### WORK REQUEST
Look below for the line containing "Two facts about" and the line containing "text \<open>The natural"; repeat exactly those two lines and all lines between them, and nothing else.

☆ ☆ ☆ ☆ ☆

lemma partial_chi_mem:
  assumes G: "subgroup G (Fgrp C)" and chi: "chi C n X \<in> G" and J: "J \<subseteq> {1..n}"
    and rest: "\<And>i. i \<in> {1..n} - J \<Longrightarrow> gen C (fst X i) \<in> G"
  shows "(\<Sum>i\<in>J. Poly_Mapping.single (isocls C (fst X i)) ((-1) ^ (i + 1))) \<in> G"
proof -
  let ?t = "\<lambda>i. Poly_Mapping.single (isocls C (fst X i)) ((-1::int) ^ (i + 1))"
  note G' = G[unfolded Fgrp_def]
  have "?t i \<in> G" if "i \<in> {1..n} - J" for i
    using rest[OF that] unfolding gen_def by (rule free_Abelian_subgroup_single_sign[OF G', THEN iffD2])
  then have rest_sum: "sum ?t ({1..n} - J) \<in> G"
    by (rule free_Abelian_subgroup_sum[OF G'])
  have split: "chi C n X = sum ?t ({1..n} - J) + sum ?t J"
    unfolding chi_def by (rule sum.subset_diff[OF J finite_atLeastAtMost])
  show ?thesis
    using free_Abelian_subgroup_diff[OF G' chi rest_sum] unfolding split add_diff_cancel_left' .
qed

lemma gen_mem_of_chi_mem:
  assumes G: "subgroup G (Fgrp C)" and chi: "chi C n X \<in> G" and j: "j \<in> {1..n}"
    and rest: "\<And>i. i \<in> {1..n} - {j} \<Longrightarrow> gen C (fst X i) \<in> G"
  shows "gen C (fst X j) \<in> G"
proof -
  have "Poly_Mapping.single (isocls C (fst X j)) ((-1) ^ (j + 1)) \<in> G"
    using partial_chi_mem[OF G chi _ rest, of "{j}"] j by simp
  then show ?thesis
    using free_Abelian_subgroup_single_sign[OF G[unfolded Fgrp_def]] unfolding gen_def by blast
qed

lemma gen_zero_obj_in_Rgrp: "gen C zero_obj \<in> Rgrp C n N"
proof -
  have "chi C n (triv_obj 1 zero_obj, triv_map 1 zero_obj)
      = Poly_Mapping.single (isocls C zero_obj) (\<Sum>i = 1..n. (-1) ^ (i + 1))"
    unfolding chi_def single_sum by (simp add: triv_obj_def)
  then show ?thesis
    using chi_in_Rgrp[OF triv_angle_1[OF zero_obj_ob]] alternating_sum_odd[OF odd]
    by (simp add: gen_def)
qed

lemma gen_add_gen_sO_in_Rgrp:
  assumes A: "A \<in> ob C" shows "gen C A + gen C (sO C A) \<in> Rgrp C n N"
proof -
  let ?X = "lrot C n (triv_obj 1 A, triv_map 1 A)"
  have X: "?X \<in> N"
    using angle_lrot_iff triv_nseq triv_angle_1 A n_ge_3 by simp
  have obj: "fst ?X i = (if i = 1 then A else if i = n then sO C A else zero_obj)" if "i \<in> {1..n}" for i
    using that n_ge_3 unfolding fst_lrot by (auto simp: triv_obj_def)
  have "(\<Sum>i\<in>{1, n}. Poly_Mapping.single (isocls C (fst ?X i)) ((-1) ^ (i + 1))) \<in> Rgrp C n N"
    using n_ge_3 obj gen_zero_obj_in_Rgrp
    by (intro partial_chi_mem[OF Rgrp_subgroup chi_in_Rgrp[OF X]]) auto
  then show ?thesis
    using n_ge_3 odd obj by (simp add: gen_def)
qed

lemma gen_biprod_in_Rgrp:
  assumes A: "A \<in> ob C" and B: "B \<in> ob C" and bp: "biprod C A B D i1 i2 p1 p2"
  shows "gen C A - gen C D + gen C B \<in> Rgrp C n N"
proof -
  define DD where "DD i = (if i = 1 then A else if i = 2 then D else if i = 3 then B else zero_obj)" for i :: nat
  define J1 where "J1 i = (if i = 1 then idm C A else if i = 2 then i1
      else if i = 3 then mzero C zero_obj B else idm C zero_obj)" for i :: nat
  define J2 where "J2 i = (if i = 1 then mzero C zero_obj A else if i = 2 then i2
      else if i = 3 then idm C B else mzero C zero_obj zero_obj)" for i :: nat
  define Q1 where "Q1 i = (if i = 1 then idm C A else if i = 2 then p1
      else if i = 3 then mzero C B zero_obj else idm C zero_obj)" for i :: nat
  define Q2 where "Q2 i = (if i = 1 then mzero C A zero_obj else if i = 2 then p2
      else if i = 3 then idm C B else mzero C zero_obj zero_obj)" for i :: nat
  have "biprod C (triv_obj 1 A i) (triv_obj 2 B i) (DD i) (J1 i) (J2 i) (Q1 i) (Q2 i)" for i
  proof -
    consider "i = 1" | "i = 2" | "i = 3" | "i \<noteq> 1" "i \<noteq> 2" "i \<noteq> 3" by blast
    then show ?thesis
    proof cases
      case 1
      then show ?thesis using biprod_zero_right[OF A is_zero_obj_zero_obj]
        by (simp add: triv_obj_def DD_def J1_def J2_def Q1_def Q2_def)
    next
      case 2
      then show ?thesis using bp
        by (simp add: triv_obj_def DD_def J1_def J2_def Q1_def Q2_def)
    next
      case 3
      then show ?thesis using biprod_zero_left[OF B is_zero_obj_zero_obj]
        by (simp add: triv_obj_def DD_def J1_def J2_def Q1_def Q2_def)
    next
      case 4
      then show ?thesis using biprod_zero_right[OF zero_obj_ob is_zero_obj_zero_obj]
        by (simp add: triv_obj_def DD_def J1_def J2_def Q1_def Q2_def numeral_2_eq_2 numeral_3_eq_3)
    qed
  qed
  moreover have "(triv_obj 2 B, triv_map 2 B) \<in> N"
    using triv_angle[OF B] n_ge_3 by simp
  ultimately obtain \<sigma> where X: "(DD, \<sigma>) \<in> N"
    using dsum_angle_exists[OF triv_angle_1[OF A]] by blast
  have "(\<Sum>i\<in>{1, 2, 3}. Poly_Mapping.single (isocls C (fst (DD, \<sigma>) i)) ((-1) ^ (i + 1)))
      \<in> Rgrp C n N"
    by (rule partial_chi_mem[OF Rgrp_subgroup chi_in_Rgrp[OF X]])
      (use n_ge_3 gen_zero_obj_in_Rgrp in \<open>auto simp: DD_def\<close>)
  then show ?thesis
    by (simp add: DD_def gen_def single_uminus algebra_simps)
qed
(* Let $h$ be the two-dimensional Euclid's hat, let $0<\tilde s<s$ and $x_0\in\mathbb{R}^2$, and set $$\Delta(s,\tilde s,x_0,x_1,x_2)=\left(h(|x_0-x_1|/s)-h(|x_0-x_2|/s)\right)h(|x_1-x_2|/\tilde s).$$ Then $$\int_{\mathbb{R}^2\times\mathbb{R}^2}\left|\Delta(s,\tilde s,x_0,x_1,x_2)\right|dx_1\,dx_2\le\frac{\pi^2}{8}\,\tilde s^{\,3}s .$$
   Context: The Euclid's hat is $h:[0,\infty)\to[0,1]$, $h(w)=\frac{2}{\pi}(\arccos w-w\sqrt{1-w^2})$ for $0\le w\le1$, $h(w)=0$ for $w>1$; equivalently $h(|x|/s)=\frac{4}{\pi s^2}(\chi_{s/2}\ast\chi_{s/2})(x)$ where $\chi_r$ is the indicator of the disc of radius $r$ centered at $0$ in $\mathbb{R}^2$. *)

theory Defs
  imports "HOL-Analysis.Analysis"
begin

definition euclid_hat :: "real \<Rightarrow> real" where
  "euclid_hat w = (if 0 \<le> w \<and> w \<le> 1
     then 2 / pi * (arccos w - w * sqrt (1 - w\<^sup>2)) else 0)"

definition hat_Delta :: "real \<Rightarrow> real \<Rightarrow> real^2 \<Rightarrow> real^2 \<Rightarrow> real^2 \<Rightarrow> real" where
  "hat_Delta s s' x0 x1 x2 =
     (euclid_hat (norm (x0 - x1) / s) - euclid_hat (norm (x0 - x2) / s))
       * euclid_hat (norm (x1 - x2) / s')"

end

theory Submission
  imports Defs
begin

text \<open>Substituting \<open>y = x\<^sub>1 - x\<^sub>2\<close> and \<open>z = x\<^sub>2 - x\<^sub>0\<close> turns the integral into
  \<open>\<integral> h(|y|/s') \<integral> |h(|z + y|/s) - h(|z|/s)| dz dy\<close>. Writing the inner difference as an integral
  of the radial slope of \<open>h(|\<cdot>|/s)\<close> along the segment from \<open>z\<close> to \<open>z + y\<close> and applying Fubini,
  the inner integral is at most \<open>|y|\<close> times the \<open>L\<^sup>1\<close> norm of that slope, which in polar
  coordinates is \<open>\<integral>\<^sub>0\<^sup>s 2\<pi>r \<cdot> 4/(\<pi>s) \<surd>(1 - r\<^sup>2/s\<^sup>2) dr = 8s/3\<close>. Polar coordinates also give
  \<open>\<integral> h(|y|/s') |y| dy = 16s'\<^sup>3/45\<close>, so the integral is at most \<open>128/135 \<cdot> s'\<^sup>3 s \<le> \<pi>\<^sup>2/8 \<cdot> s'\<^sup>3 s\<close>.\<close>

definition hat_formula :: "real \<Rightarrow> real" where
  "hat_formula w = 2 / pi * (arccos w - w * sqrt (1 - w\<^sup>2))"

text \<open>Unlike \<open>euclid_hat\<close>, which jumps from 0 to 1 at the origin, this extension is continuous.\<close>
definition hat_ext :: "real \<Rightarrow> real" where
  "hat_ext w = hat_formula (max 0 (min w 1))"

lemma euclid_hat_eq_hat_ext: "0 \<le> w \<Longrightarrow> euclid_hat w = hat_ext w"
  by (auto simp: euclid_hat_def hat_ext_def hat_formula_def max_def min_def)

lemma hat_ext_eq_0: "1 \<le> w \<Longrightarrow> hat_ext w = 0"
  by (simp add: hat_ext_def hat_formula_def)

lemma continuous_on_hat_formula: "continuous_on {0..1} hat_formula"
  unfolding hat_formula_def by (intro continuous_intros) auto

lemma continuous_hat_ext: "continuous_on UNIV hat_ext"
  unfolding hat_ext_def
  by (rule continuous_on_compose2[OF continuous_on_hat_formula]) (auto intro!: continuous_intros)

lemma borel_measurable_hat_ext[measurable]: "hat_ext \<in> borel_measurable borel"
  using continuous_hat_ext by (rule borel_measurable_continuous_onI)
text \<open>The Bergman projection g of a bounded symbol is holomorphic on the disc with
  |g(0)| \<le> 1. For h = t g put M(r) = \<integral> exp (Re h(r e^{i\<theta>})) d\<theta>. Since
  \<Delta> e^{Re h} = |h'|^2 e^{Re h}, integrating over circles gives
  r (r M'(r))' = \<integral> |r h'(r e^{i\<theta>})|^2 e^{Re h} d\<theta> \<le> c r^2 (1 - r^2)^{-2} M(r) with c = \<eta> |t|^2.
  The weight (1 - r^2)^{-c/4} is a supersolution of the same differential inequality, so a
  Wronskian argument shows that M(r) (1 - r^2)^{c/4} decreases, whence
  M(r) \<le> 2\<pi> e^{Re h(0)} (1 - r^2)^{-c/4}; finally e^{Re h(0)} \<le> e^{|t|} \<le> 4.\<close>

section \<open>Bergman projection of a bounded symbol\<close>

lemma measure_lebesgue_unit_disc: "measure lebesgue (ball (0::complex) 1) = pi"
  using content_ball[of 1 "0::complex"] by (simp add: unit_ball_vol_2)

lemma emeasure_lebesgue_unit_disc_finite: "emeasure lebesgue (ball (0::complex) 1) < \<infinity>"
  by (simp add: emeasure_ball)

☆ ☆ ☆ ☆ ☆

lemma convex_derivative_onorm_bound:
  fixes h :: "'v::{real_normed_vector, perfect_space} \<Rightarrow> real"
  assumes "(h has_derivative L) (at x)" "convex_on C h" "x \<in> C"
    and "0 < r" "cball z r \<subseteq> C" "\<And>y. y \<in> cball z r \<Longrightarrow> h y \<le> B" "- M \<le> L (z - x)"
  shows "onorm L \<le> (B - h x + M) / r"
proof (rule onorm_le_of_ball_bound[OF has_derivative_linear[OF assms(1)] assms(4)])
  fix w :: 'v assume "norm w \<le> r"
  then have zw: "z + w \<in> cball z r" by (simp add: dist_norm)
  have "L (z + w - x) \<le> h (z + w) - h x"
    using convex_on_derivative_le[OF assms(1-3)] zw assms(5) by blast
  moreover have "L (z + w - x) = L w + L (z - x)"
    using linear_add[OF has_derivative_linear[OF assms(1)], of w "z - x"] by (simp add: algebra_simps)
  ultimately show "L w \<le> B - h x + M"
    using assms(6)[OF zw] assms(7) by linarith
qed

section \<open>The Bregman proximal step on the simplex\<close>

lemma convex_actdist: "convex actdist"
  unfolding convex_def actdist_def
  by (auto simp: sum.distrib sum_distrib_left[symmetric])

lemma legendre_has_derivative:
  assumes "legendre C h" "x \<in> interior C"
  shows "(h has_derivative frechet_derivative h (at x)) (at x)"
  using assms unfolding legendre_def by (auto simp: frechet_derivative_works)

☆ ☆ ☆ ☆ ☆

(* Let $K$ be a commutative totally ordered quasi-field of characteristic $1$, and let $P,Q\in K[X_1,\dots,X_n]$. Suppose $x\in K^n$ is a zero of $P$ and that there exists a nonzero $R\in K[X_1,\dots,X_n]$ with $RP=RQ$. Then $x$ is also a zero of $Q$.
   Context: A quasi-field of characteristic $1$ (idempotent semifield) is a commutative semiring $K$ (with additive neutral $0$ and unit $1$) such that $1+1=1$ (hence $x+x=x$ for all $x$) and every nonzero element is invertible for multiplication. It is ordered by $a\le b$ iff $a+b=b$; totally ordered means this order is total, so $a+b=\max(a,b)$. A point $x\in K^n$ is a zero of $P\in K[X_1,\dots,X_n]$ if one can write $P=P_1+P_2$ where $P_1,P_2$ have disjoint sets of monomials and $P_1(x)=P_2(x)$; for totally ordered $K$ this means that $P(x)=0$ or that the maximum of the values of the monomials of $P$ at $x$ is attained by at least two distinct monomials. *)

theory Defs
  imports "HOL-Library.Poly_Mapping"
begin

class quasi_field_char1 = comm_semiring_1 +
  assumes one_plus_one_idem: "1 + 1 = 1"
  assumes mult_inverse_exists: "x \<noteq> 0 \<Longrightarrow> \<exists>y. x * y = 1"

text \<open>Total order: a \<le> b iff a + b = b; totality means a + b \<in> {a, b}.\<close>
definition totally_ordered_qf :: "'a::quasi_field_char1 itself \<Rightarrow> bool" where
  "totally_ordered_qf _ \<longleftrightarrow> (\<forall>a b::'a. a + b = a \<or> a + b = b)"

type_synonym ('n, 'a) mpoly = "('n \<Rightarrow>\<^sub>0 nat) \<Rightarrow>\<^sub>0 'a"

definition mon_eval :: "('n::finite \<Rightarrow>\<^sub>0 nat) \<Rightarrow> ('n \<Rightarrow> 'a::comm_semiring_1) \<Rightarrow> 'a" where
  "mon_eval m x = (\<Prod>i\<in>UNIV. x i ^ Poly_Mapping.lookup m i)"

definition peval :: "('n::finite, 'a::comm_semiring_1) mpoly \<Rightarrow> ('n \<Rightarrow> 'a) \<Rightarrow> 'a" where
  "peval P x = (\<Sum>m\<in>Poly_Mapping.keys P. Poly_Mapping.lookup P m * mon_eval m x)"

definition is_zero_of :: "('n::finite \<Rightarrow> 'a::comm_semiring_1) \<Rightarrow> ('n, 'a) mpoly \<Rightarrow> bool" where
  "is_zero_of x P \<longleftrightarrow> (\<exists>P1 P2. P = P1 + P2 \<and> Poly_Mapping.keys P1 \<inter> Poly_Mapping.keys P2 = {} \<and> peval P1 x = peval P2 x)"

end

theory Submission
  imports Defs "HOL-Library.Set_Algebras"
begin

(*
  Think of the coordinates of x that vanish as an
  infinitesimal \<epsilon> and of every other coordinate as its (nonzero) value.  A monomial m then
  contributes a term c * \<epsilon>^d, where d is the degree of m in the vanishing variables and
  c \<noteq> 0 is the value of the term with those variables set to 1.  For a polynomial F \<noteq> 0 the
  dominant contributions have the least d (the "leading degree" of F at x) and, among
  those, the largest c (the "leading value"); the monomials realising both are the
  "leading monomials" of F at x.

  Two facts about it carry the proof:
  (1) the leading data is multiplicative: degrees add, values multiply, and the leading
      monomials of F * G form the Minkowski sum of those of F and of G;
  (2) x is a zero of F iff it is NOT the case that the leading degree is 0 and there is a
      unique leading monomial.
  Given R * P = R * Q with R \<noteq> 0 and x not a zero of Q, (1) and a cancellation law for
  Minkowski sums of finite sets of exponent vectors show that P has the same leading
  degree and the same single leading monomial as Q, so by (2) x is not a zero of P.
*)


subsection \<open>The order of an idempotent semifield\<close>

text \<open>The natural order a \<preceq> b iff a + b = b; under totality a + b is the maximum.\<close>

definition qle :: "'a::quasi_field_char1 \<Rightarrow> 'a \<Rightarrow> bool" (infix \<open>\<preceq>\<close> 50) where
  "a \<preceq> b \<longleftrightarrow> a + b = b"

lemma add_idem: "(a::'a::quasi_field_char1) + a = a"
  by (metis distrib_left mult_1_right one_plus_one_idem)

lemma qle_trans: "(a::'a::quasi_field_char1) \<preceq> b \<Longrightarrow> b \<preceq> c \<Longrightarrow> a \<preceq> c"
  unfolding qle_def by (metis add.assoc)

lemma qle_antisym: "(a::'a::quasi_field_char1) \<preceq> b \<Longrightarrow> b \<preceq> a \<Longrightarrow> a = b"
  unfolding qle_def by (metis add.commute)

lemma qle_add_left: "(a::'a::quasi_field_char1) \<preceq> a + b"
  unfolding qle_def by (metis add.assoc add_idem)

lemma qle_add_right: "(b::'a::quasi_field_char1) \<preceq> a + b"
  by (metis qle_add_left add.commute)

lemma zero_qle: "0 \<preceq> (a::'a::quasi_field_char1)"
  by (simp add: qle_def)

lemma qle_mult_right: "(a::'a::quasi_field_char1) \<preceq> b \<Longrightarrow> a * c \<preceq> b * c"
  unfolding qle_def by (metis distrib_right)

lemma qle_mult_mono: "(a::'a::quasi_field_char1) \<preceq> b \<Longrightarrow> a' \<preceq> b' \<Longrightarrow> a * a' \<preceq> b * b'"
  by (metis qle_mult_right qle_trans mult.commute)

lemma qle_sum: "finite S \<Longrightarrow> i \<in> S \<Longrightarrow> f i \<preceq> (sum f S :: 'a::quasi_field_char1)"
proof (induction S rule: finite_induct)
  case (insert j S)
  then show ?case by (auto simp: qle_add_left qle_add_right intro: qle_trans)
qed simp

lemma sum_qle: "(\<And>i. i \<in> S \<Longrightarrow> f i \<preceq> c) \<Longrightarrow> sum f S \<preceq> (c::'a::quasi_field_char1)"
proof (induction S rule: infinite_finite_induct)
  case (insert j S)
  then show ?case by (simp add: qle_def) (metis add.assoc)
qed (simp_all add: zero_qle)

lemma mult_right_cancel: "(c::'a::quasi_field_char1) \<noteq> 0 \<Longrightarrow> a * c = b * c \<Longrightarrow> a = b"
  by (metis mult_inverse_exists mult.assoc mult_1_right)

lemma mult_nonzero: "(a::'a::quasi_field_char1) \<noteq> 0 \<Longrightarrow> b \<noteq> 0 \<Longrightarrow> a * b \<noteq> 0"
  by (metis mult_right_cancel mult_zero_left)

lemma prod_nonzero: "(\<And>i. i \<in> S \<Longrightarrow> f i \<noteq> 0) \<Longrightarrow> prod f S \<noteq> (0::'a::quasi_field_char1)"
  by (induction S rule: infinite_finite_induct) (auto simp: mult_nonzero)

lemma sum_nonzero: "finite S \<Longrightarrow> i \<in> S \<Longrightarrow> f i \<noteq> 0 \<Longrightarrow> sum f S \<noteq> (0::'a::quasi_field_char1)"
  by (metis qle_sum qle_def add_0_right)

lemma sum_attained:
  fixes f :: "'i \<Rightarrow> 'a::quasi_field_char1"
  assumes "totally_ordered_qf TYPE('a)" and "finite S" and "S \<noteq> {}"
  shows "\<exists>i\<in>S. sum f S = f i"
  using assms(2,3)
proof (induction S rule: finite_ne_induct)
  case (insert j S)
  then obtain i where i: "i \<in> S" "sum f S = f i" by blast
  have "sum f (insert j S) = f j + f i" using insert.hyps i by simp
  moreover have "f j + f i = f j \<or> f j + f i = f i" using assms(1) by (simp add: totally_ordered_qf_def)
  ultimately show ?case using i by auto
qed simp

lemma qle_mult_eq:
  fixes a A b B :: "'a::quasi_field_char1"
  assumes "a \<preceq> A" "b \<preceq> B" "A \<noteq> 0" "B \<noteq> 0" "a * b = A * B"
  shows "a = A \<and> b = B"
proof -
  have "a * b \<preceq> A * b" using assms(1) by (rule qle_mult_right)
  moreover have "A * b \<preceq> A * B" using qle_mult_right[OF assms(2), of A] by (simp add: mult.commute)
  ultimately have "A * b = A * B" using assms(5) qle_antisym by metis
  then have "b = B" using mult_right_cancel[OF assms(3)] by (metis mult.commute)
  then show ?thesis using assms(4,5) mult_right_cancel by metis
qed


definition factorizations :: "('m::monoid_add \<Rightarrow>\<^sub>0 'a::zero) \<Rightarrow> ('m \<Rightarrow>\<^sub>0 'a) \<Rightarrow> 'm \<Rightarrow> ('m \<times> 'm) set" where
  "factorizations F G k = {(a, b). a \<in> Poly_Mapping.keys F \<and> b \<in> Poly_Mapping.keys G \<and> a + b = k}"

☆ ☆ ☆ ☆ ☆

### EXERCISE ANSWER
  Two facts about it carry the proof:
  (1) the leading data is multiplicative: degrees add, values multiply, and the leading
      monomials of F * G form the Minkowski sum of those of F and of G;
  (2) x is a zero of F iff it is NOT the case that the leading degree is 0 and there is a
      unique leading monomial.
  Given R * P = R * Q with R \<noteq> 0 and x not a zero of Q, (1) and a cancellation law for
  Minkowski sums of finite sets of exponent vectors show that P has the same leading
  degree and the same single leading monomial as Q, so by (2) x is not a zero of P.
*)


subsection \<open>The order of an idempotent semifield\<close>

text \<open>The natural order a \<preceq> b iff a + b = b; under totality a + b is the maximum.\<close>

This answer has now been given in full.